__Your instructions__. Give the lines below again exactly, starting with the line that holds "v). u \<in> W" and going on through the line that holds "E l t \<and>".

__Data excerpts__.
(* Let $l,t$ be integers with $2\leq l\leq t$. If $s$ is sufficiently large (in terms of $l,t$), then for all integers $n\geq 2s+1$ and $x$ with $l\leq x\leq s$, $$ex(n,\{K_{l,t},M_{s+1}\},x)\leq (l-1)n+(t-1)\binom{s}{l}-\left\lceil\frac{s(l-1)}{2}\right\rceil.$$
   Context: All graphs are finite and simple. $K_{l,t}$ is the complete bipartite graph with parts of sizes $l,t$; $M_{s+1}$ is the matching of $s+1$ disjoint edges. For a graph $G$ with matching number at most $s$, say $X\subseteq V(G)$ is admissible if $|X|+\sum_{i=1}^m\lfloor |V(C_i)|/2\rfloor\leq s$, where $C_1,\dots,C_m$ are the components of $G-X$; let $x(G)$ be the maximum size of an admissible set. Let $\mathscr{G}_x$ be the set of graphs on $n$ vertices containing neither $K_{l,t}$ nor $M_{s+1}$ as a subgraph and with $x(G)=x$, and $ex(n,\{K_{l,t},M_{s+1}\},x)=\max_{G\in\mathscr{G}_x}e(G)$. *)

theory Defs
  imports Complex_Main
begin

definition is_graph :: "nat \<Rightarrow> nat set set \<Rightarrow> bool" where
  "is_graph n E \<longleftrightarrow> (\<forall>e\<in>E. \<exists>u v. e = {u, v} \<and> u \<noteq> v \<and> u < n \<and> v < n)"

definition contains_Klt :: "nat \<Rightarrow> nat set set \<Rightarrow> nat \<Rightarrow> nat \<Rightarrow> bool" where
  "contains_Klt n E l t \<longleftrightarrow> (\<exists>A B. A \<subseteq> {0..<n} \<and> B \<subseteq> {0..<n} \<and> A \<inter> B = {} \<and>
      card A = l \<and> card B = t \<and> (\<forall>a\<in>A. \<forall>b\<in>B. {a, b} \<in> E))"

definition contains_matching :: "nat set set \<Rightarrow> nat \<Rightarrow> bool" where
  "contains_matching E k \<longleftrightarrow> (\<exists>M. M \<subseteq> E \<and> card M = k \<and>
      (\<forall>e\<in>M. \<forall>f\<in>M. e \<noteq> f \<longrightarrow> e \<inter> f = {}))"

definition adj_rel :: "nat set set \<Rightarrow> nat set \<Rightarrow> (nat \<times> nat) set" where
  "adj_rel E W = {(u, v). u \<in> W \<and> v \<in> W \<and> {u, v} \<in> E}"

definition components :: "nat \<Rightarrow> nat set set \<Rightarrow> nat set \<Rightarrow> nat set set" where
  "components n E X = (\<lambda>v. {u \<in> {0..<n} - X. (v, u) \<in> (adj_rel E ({0..<n} - X))\<^sup>*}) ` ({0..<n} - X)"

definition admissible :: "nat \<Rightarrow> nat set set \<Rightarrow> nat \<Rightarrow> nat set \<Rightarrow> bool" where
  "admissible n E s X \<longleftrightarrow> X \<subseteq> {0..<n} \<and>
      card X + (\<Sum>C\<in>components n E X. card C div 2) \<le> s"

definition xG :: "nat \<Rightarrow> nat set set \<Rightarrow> nat \<Rightarrow> nat" where
  "xG n E s = Max {card X | X. admissible n E s X}"

definition Gfam :: "nat \<Rightarrow> nat \<Rightarrow> nat \<Rightarrow> nat \<Rightarrow> nat \<Rightarrow> nat set set set" where
  "Gfam n l t s x = {E. is_graph n E \<and> \<not> contains_Klt n E l t \<and>
      \<not> contains_matching E (s + 1) \<and> xG n E s = x}"

text \<open>ex(n,{K_{l,t},M_{s+1}},x) = max e(G) over \<G>_x (Sup of a finite set of naturals;
  0 if the family is empty).\<close>
definition ex_x :: "nat \<Rightarrow> nat \<Rightarrow> nat \<Rightarrow> nat \<Rightarrow> nat \<Rightarrow> nat" where
  "ex_x n l t s x = Sup (card ` Gfam n l t s x)"
lemma Zcount_nonzero:
  "Zcount m L M N (2 ^ (card coords - 1)) = 2 ^ (3 * m - card coords) * (2 ^ card coords - 1)"
proof -
  have "{(\<alpha>, \<beta>, \<gamma>). \<alpha> \<in> vecs m \<and> \<beta> \<in> vecs m \<and> \<gamma> \<in> vecs m \<and>
        wt (cw m L M N \<alpha> \<beta> \<gamma>) = 2 ^ (card coords - 1)} = vecs m \<times> vecs m \<times> vecs m - code_kernel"
    unfolding code_kernel_def by (auto simp: wt_cw)
  moreover have "code_kernel \<subseteq> vecs m \<times> vecs m \<times> vecs m"
    unfolding code_kernel_def by blast
  ultimately have "Zcount m L M N (2 ^ (card coords - 1)) = 2 ^ m * 2 ^ m * 2 ^ m - 2 ^ (3 * m - card coords)"
    unfolding Zcount_def using finite_vecs
    by (simp add: card_Diff_subset finite_subset card_cartesian_product card_vecs card_code_kernel)
  also have "(2::nat) ^ m * 2 ^ m * 2 ^ m = 2 ^ (3 * m - card coords) * 2 ^ card coords"
    using card_supports_le by (simp add: card_coords flip: power_add)
  finally show ?thesis by (simp add: diff_mult_distrib2)
qed

end

theorem mainTheorem8:
  fixes m :: nat and L M N :: "nat set"
  assumes "L \<subseteq> {1..m}" "M \<subseteq> {1..m}" "N \<subseteq> {1..m}"
    and "L \<noteq> {}" "M \<noteq> {}" "N \<noteq> {}"
  defines "s \<equiv> card L + card M + card N"
  shows "is_nkd_code (D2star m L M N) (code m L M N) (2 ^ s - 1) s (2 ^ (s - 1))
    \<and> one_weight (code m L M N)
    \<and> card {c \<in> code m L M N. wt c = 0} = 1
    \<and> card {c \<in> code m L M N. wt c = 2 ^ (s - 1)} = 2 ^ s - 1
    \<and> minimal_code (code m L M N)
    \<and> griesmer (2 ^ s - 1) s (2 ^ (s - 1))
    \<and> distance_optimal (2 ^ s - 1) s (2 ^ (s - 1))
    \<and> Zcount m L M N 0 = 2 ^ (3 * m - s)
    \<and> Zcount m L M N (2 ^ (s - 1)) = 2 ^ (3 * m - s) * (2 ^ s - 1)"
proof -
  interpret subfield_code m L M N
    using assms(1-3) by unfold_locales
  have s: "s = card coords" unfolding s_def card_coords ..
  have "coords \<noteq> {}" using assms(4) unfolding coords_def by simp
  then have "1 \<le> s" unfolding s using finite_coords by (simp add: Suc_leI card_gt_0_iff)
  then show ?thesis
    unfolding s
    using code_is_nkd[OF \<open>coords \<noteq> {}\<close>] one_weight_code card_code_weight_zero card_code_weight_nonzero
      minimal_code_code griesmer_simplex distance_optimal_simplex Zcount_zero Zcount_nonzero
    by blast
qed
lemma sigma_map_image:
  assumes "eigsp_decomposition pr a" "f w \<in> Vplus pr a"
  shows "sigma_map pr (f a) w = f (sigma_map pr a (f w))"
proof -
  obtain x y z where h: "x \<in> eigsp pr a 1" "y \<in> eigsp pr a 0" "z \<in> eigsp pr a (1/4)"
    "f w = x + y + z"
    using assms(2) unfolding Vplus_def by auto
  have "w = f x + f y + f z"
    using arg_cong[OF h(4), of f] by (simp add: involutive add)
  then have "sigma_map pr (f a) w = f x + f y - f z"
    using sigma_map_eq[OF eigsp_decomposition_image[OF assms(1)] bilinear] h(1-3)
    by (simp add: eigsp_iff involutive)
  then show ?thesis
    using sigma_map_eq[OF assms(1) bilinear h(1-3)] h(4) by (simp add: add diff)
qed

lemma majorana_axis_image:
  assumes "majorana_axis ip pr a" "ip (f a) (f a) = ip a a"
  shows "majorana_axis ip pr (f a)"
proof -
  have nz: "a \<noteq> 0" and norm: "ip a a = 1" and idem: "pr a a = a"
    and dec: "eigsp_decomposition pr a" and m5: "eigsp pr a 1 = range (\<lambda>c. c *\<^sub>R a)"
    and m6: "\<forall>u v. tau_map pr a (pr u v) = pr (tau_map pr a u) (tau_map pr a v)"
    and m7: "\<forall>u\<in>Vplus pr a. \<forall>v\<in>Vplus pr a.
        sigma_map pr a (pr u v) = pr (sigma_map pr a u) (sigma_map pr a v)"
    using assms(1) unfolding majorana_axis_iff by blast+
  have "f a \<noteq> 0"
    using nz linear_0[OF linear] involutive by metis
  moreover have "eigsp pr (f a) 1 = range (\<lambda>c. c *\<^sub>R f a)"
    unfolding eigsp_image m5 image_image scaleR ..
  moreover have "\<forall>u v. tau_map pr (f a) (pr u v) = pr (tau_map pr (f a) u) (tau_map pr (f a) v)"
    using m6 by (simp add: tau_map_image[OF dec] mult)
  moreover have "sigma_map pr (f a) (pr u v) = pr (sigma_map pr (f a) u) (sigma_map pr (f a) v)"
    if "u \<in> Vplus pr (f a)" "v \<in> Vplus pr (f a)" for u v
  proof -
    have u: "f u \<in> Vplus pr a" and v: "f v \<in> Vplus pr a"
      using Vplus_image[OF that(1)] Vplus_image[OF that(2)] by (simp_all add: involutive)
    then have "f (pr u v) \<in> Vplus pr a"
      unfolding mult by (rule Vplus_mult_closed[OF dec bilinear m6])
    then show ?thesis
      using m7 u v by (simp add: sigma_map_image[OF dec] mult)
  qed
  ultimately show ?thesis
    unfolding majorana_axis_iff
    using assms(2) norm idem mult eigsp_decomposition_image[OF dec] by metis
qed

end

lemma sigma_map_algebra_involution:
  assumes "majorana_axis ip pr a" "bilinear pr" "\<forall>v. tau_map pr a v = v"
  shows "algebra_involution pr (sigma_map pr a)"
proof -
  have dec: "eigsp_decomposition pr a"
    and m7: "\<forall>u\<in>Vplus pr a. \<forall>v\<in>Vplus pr a.
        sigma_map pr a (pr u v) = pr (sigma_map pr a u) (sigma_map pr a v)"
    using assms(1) unfolding majorana_axis_iff by blast+
  have Vplus: "v \<in> Vplus pr a" for v
    using Vplus_if_tau_map_fixed[OF dec] assms(3) by blast
  show ?thesis
  proof (rule algebra_involution.intro)
    show "bilinear pr"
      by (rule assms(2))
    show "linear (sigma_map pr a)"
      by (rule linearI) (rule sigma_map_add[OF dec assms(2) Vplus Vplus],
          rule sigma_map_scaleR[OF dec assms(2) Vplus])
    show "sigma_map pr a (sigma_map pr a v) = v" for v
      by (rule sigma_map_sigma_map[OF dec assms(2) Vplus])
    show "sigma_map pr a (pr u v) = pr (sigma_map pr a u) (sigma_map pr a v)" for u v
      using m7 Vplus by blast
  qed
qed
lemma real_symmetric_has_eigenvalue:
  fixes M :: "real mat"
  assumes M: "M \<in> carrier_mat n n" and sym: "transpose_mat M = M" and n: "0 < n"
  shows "\<exists>e. eigenvalue M e"
proof -
  define C where "C = map_mat complex_of_real M"
  have C: "C \<in> carrier_mat n n" using M by (simp add: C_def)
  obtain as where cp: "char_poly C = (\<Prod>a\<leftarrow>as. [:- a, 1:])" and len: "length as = n"
    using char_poly_factorized[OF C] by blast
  from len n obtain \<mu> where "\<mu> \<in> set as" by (cases as) auto
  then have "poly (char_poly C) \<mu> = 0" unfolding cp poly_prod_list prod_list_zero_iff by auto
  then obtain z where "eigenvector C z \<mu>"
    using eigenvalue_root_char_poly[OF C] unfolding eigenvalue_def by blast
  then have z: "z \<in> carrier_vec n" and z0: "z \<noteq> 0\<^sub>v n" and ev: "C *\<^sub>v z = \<mu> \<cdot>\<^sub>v z"
    unfolding eigenvector_def using C by auto
  have "(C *\<^sub>v z) \<bullet>c z = \<mu> * (z \<bullet>c z)" unfolding ev using z by simp
  moreover have "0 < z \<bullet>c z" using conjugate_square_greater_0_vec[OF z] z0 by simp
  then have "cnj (z \<bullet>c z) = z \<bullet>c z" and "z \<bullet>c z \<noteq> 0"
    by (auto simp: less_complex_def complex_eq_iff)
  ultimately have "cnj \<mu> = \<mu>"
    using cnj_hermitian_form_of_real_symmetric[OF M sym z, folded C_def]
    by (metis complex_cnj_mult mult_right_cancel)
  then have \<mu>: "\<mu> = complex_of_real (Re \<mu>)" by (simp add: complex_eq_iff)
  have "complex_of_real (poly (char_poly M) (Re \<mu>)) = poly (char_poly C) (complex_of_real (Re \<mu>))"
    unfolding C_def of_real_hom.char_poly_hom[OF M] by (simp add: of_real_hom.poly_map_poly)
  also have "\<dots> = 0" using \<mu> \<open>poly (char_poly C) \<mu> = 0\<close> by simp
  finally have "poly (char_poly M) (Re \<mu>) = 0" by simp
  then show ?thesis using eigenvalue_root_char_poly[OF M] by blast
qed
(* Let $\mathcal{B}$ be a complete topological ring and let $\mathrm{e}=\sum_{i\in\mathbb{N}}\mathrm{e}_iT^i\colon\mathcal{B}\to\mathcal{B}\{T\}$ be a restricted exponential homomorphism. Then: (a) $\mathcal{B}^{\mathrm{e}}$ is a complete topological subring of $\mathcal{B}$. (b) For every $i\ge1$, $\mathrm{e}_i\colon\mathcal{B}\to\mathcal{B}$ is a homomorphism of topological $\mathcal{B}^{\mathrm{e}}$-modules. (c) If $\mathcal{B}$ admits a fundamental system $(\mathfrak{b}_n)_{n\in\mathbb{N}}$ of open ideals consisting of prime ideals of $\mathcal{B}$, then $\mathcal{B}^{\mathrm{e}}$ is factorially closed in $\mathcal{B}$; in particular every invertible element of $\mathcal{B}$ is contained in $\mathcal{B}^{\mathrm{e}}$.
   Context: Conventions: topological rings are linearly topologized with a countable fundamental system of open ideals; homomorphisms are continuous; complete means the canonical map to $\varprojlim_{\mathfrak{a}}\mathcal{B}/\mathfrak{a}$ (open ideals, discrete quotients) is a topological isomorphism. $\mathcal{B}\{T\}$, $\mathcal{B}\{T,T'\}$ denote restricted power series over $\mathcal{B}$ (coefficients converging to $0$), topologized by the ideals of series with all coefficients in a given open ideal. A restricted exponential homomorphism is a continuous ring homomorphism $\mathrm{e}\colon\mathcal{B}\to\mathcal{B}\{T\}$, $\mathrm{e}(b)=\sum_i\mathrm{e}_i(b)T^i$, with $\mathrm{e}_0=\mathrm{id}_{\mathcal{B}}$ and $\sum_{i,j}\mathrm{e}_j(\mathrm{e}_i(b))T'^jT^i=\sum_\ell\mathrm{e}_\ell(b)(T+T')^\ell$ for all $b$. Its ring of invariants is $\mathcal{B}^{\mathrm{e}}=\{b\in\mathcal{B}:\mathrm{e}(b)=b\}$ (i.e. $b$ equals its image as a constant series), with the induced topology. A subring $R\subseteq\mathcal{B}$ is factorially closed if $b,b'\in\mathcal{B}$ and $bb'\in R\setminus\{0\}$ imply $b,b'\in R$. *)

theory Defs
  imports Main
begin

text \<open>A ring is modelled as a carrier set
  S inside a type of class comm_ring_1 (S = UNIV for the ambient ring B; S = B^e for
  the subring of invariants).  A topology is given by a countable fundamental
  system of open ideals I :: nat => 'a set.\<close>

definition lt_ideal :: "'a::comm_ring_1 set \<Rightarrow> 'a set \<Rightarrow> bool" where
  "lt_ideal S a \<longleftrightarrow> a \<subseteq> S \<and> 0 \<in> a \<and>
     (\<forall>x\<in>a. \<forall>y\<in>a. x + y \<in> a \<and> x - y \<in> a) \<and>
     (\<forall>s\<in>S. \<forall>x\<in>a. s * x \<in> a)"

definition lt_prime_ideal :: "'a::comm_ring_1 set \<Rightarrow> 'a set \<Rightarrow> bool" where
  "lt_prime_ideal S p \<longleftrightarrow> lt_ideal S p \<and> 1 \<notin> p \<and>
     (\<forall>x\<in>S. \<forall>y\<in>S. x * y \<in> p \<longrightarrow> x \<in> p \<or> y \<in> p)"

definition fundamental_system :: "'a::comm_ring_1 set \<Rightarrow> (nat \<Rightarrow> 'a set) \<Rightarrow> bool" where
  "fundamental_system S I \<longleftrightarrow> (\<forall>n. lt_ideal S (I n)) \<and>
     (\<forall>n m. \<exists>k. I k \<subseteq> I n \<inter> I m)"

definition open_ideal :: "'a::comm_ring_1 set \<Rightarrow> (nat \<Rightarrow> 'a set) \<Rightarrow> 'a set \<Rightarrow> bool" where
  "open_ideal S I a \<longleftrightarrow> lt_ideal S a \<and> (\<exists>n. I n \<subseteq> a)"

text \<open>Completeness: the canonical map S -> lim_{a open} S/a is a (topological)
  isomorphism, i.e. it is injective (the open ideals intersect to 0) and every
  compatible family (x_a)_a of residues has a preimage.  (Bijectivity already gives
  a topological isomorphism for the limit topology.)\<close>
definition lt_complete :: "'a::comm_ring_1 set \<Rightarrow> (nat \<Rightarrow> 'a set) \<Rightarrow> bool" where
  "lt_complete S I \<longleftrightarrow>
     (\<Inter>n. I n) = {0} \<and>
     (\<forall>x :: 'a set \<Rightarrow> 'a.
        (\<forall>a. open_ideal S I a \<longrightarrow> x a \<in> S) \<and>
        (\<forall>a b. open_ideal S I a \<and> open_ideal S I b \<and> a \<subseteq> b \<longrightarrow> x a - x b \<in> b)
        \<longrightarrow> (\<exists>y\<in>S. \<forall>a. open_ideal S I a \<longrightarrow> y - x a \<in> a))"

text \<open>Restricted exponential homomorphism on the ring UNIV::'a set with topology I,
  given by its coefficient maps e i = e_i.
  Conditions: each e(b) is a restricted power series (coefficients tend to 0);
  e is a ring homomorphism B -> B{T}; e is continuous for the topology of B{T}
  (ideals of series with all coefficients in a given open ideal); e_0 = id;
  and the exponential identity, compared coefficientwise at T'^j T^i:
  e_j(e_i(b)) = binom(i+j,i) e_{i+j}(b).\<close>
definition restricted_exp :: "(nat \<Rightarrow> 'a::comm_ring_1 set) \<Rightarrow> (nat \<Rightarrow> 'a \<Rightarrow> 'a) \<Rightarrow> bool" where
  "restricted_exp I e \<longleftrightarrow>
     (\<forall>b n. \<exists>N. \<forall>i\<ge>N. e i b \<in> I n) \<and>
     (\<forall>i x y. e i (x + y) = e i x + e i y) \<and>
     (\<forall>k x y. e k (x * y) = (\<Sum>i\<le>k. e i x * e (k - i) y)) \<and>
     (\<forall>i. e i 1 = (if i = 0 then 1 else 0)) \<and>
     (\<forall>n. \<exists>m. \<forall>b\<in>I m. \<forall>i. e i b \<in> I n) \<and>
     (\<forall>b. e 0 b = b) \<and>
     (\<forall>i j b. e j (e i b) = of_nat ((i + j) choose i) * e (i + j) b)"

__Exercise output__.
  "adj_rel E W = {(u, v). u \<in> W \<and> v \<in> W \<and> {u, v} \<in> E}"

definition components :: "nat \<Rightarrow> nat set set \<Rightarrow> nat set \<Rightarrow> nat set set" where
  "components n E X = (\<lambda>v. {u \<in> {0..<n} - X. (v, u) \<in> (adj_rel E ({0..<n} - X))\<^sup>*}) ` ({0..<n} - X)"

definition admissible :: "nat \<Rightarrow> nat set set \<Rightarrow> nat \<Rightarrow> nat set \<Rightarrow> bool" where
  "admissible n E s X \<longleftrightarrow> X \<subseteq> {0..<n} \<and>
      card X + (\<Sum>C\<in>components n E X. card C div 2) \<le> s"

definition xG :: "nat \<Rightarrow> nat set set \<Rightarrow> nat \<Rightarrow> nat" where
  "xG n E s = Max {card X | X. admissible n E s X}"

definition Gfam :: "nat \<Rightarrow> nat \<Rightarrow> nat \<Rightarrow> nat \<Rightarrow> nat \<Rightarrow> nat set set set" where
  "Gfam n l t s x = {E. is_graph n E \<and> \<not> contains_Klt n E l t \<and>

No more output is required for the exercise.